- **To do**
The answer must be exactly the lines from the one containing "then interpret baire_open_set r U" through the end of the material, with both ends kept and no other lines.

- **Data listing**
theorem proposition1p7:
  fixes r :: "'k rel" and U :: "('k \<Rightarrow> 'k) set"
  assumes "card_order r"
    and "\<not> countable (UNIV :: 'k set)"
    and "(card_of (short_seqs r), card_of (UNIV :: 'k set)) \<in> ordIso"
    and "openin (baire_top r) U" and "U \<noteq> {}"
  shows "\<exists>f :: ('k \<Rightarrow> 'k) \<Rightarrow> ('k \<Rightarrow> 'k).
           continuous_map (baire_top r) (baire_top r) f \<and> inj f \<and> f ` UNIV = U"
proof -
  have "infinite (UNIV :: 'k set)"
    using assms(2) countable_finite by blast
  then interpret baire_open_set r U
    using assms(1,4) by unfold_locales
  obtain g :: "'k \<Rightarrow> 'k \<Rightarrow> 'k"
    where g_range: "range g \<subseteq> U" and g_bij: "bij_betw (stem \<circ> g) UNIV (stem ` U)"
    using exists_stem_enumeration[OF assms(3,5)] by blast
  show ?thesis
    by (intro exI[of _ "glue g"] conjI continuous_map_glue range_glue[OF g_range g_bij]
        inj_glue[OF g_range bij_betw_imp_inj_on[OF g_bij]])
qed

end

- **Response to this exercise**
  then interpret baire_open_set r U
    using assms(1,4) by unfold_locales
  obtain g :: "'k \<Rightarrow> 'k \<Rightarrow> 'k"
    where g_range: "range g \<subseteq> U" and g_bij: "bij_betw (stem \<circ> g) UNIV (stem ` U)"
    using exists_stem_enumeration[OF assms(3,5)] by blast
  show ?thesis
    by (intro exI[of _ "glue g"] conjI continuous_map_glue range_glue[OF g_range g_bij]
        inj_glue[OF g_range bij_betw_imp_inj_on[OF g_bij]])
qed

end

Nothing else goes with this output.